Конечно, он знал в чем дело. Это было и личным, и не личным одновременно. На него это тоже подействовало, но не настолько сильно. С ней же все было по-другому, будто некий внутренний кристалл разбился в последние двадцать часов.
Не личным, как он предполагал, был запах. Он доносился сквозь открытую дверь балкона, вносимый прохладным утренним ветерком, который позже перейдет во влажную жару, если день не будет отличаться от последних трех-четырех дней. Запаху было трудно дать правильное определение, так чтобы эта голая правда казалась менее болезненной. Можно было сказать, что так пахнут подшившие апельсины или тухлая рыба, иногда так пахнет в метро, когда окна вагона открыты; но ни одно из этих определений не было абсолютно правильным. Это был запах гниющих людей, сотен тысяч тел, разлагающихся под лучами жадного солнца и в закрытых помещениях, вот что это было, только вряд ли приятно было осознавать и признавать эту реальность.

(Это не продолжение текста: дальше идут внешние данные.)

(* A zero diagonal entry forces its whole row to vanish: testing with
   -r conj(y) e_i + e_j for small r > 0 gives r |y|^2 (r f_ii - 2) >= 0. *)
lemma psd_kernel_zero_row:
  assumes "psd_kernel n f" "i < n" "j < n" "f j j = 0"
  shows "f j i = 0"
proof (cases "i = j")
  case True then show ?thesis using assms by simp
next
  case False
  define y where "y = f j i"
  define c where "c = Re (f i i)"
  define r :: real where "r = 1 / (c + 1)"
  have c0: "c \<ge> 0" and fii: "f i i = of_real c"
    using psd_kernel_diag[OF assms(1,2)] by (auto simp: c_def less_eq_complex_def complex_eq_iff)
  have r0: "r > 0" and rc: "r * c < 1" using c0 by (simp_all add: r_def field_simps)
  have fij: "f i j = cnj y" using psd_kernel_hermitian[OF assms(1,3,2)] y_def by simp
  define s where "s = - of_real r * cnj y"
  have "0 \<le> qform n f (\<lambda>k. if k = i then s else if k = j then 1 else 0)"
    using assms(1) unfolding psd_kernel_def by blast
  then have "0 \<le> cnj s * f i i * s + cnj s * f i j + f j i * s"
    using qform_two_points[OF assms(2,3) False, of f s 1] assms(4) by simp
  also have "cnj s * f i i * s + cnj s * f i j + f j i * s =
       of_real (r^2 * c * (Re y ^ 2 + Im y ^ 2) - 2 * r * (Re y ^ 2 + Im y ^ 2))"
    unfolding s_def fii fij y_def[symmetric]
    by (simp add: complex_eq_iff power2_eq_square algebra_simps)
  finally have "0 \<le> r * (Re y ^ 2 + Im y ^ 2) * (r * c - 2)"
    by (simp add: less_eq_complex_def power2_eq_square algebra_simps)
  with rc have "r * (Re y ^ 2 + Im y ^ 2) \<le> 0" by (simp add: zero_le_mult_iff)
  with r0 have "Re y ^ 2 + Im y ^ 2 \<le> 0" by (simp add: mult_le_0_iff)
  then have "Re y = 0 \<and> Im y = 0" by (smt (verit) zero_le_power2 power2_less_eq_zero_iff)
  then show ?thesis by (simp add: y_def complex_eq_iff)
qed

lemma qform_Suc:
  "qform (Suc n) f v = qform n f v + (\<Sum>i<n. cnj (v i) * f i n) * v n
     + cnj (v n) * (\<Sum>j<n. f n j * v j) + cnj (v n) * f n n * v n"
  unfolding qform_def by (simp add: sum.distrib sum_distrib_left sum_distrib_right algebra_simps)

lemma psd_kernel_restrict:
  assumes "psd_kernel (Suc n) f"
  shows "psd_kernel n f"
  unfolding psd_kernel_def
proof
  fix v
  have "0 \<le> qform (Suc n) f (v(n := 0))" using assms unfolding psd_kernel_def by blast
  also have "qform (Suc n) f (v(n := 0)) = qform n f (v(n := 0))" by (simp add: qform_Suc)
  also have "\<dots> = qform n f v" by (rule qform_cong) auto
  finally show "0 \<le> qform n f v" .
qed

В Манхэттене электричество все еще было, но Ларри не думал, что это продлится долго. Во многих других местах его уже отключили. Прошлой ночью он вышел на балкон, когда Рита уже заснула, и с такой высоты ему было отлично видно, что огни погасли на большей территории Бруклина и во всем Куинсе. А вдоль Сто десятой вплоть до Манхэтгена стояла кромешная тьма. С другой стороны виднелись яркие огни Юнион-Сити и – возможно – Байонн, но Нью-Джерси был погружен в темноту. Темень означала больше чем утрату освещения. Кроме всего прочего, это еще означало и утрату воздушных кондиционеров и всевозможных современных удобств, которые делали жизнь вполне сносной в этом урбанистическом скопище после середины июня. Но прежде всего это означало, что все те, кто умер в своих домах и апартаментах, теперь разлагались, словно в духовках, и как только Ларри начинал думать об этом, его память возвращалась к тому, что он увидел в туалете. Ему даже во сне снилось это, и в его ночных кошмарах почерневший мужчина оживал и манил пальцем.
На более личном уровне, как предполагал Ларри, Рита была расстроена тем, что они увидели, когда вчера пополудни отправились в парк. Рита смеялась и мило болтала, когда они отправлялись туда, но вернулась она постаревшей.
Призывающий чудовищ лежал на одной из дорожек в луже крови. Его очки с раздавленными линзами валялись рядом с протянутой окаменевшей левой рукой. Очевидно, какое-то чудовище все же добралось до него. Мужчину долго и методично избивали. Ларри его тело напомнило подушечку для булавок.
Рита металась и визжала, а когда ее истерику наконец-то удалось унять, стала настаивать на том, что они должны похоронить его. Так они и сделали. И после их возвращения в ее роскошные апартаменты Рита превратилась в ту женщину, которая предстала перед ним сегодня утром.
– Ничего страшного, – сказал Ларри, небольшой ожог, даже кожа не покраснела.
– Я принесу ангентайн. У меня есть в аптечке.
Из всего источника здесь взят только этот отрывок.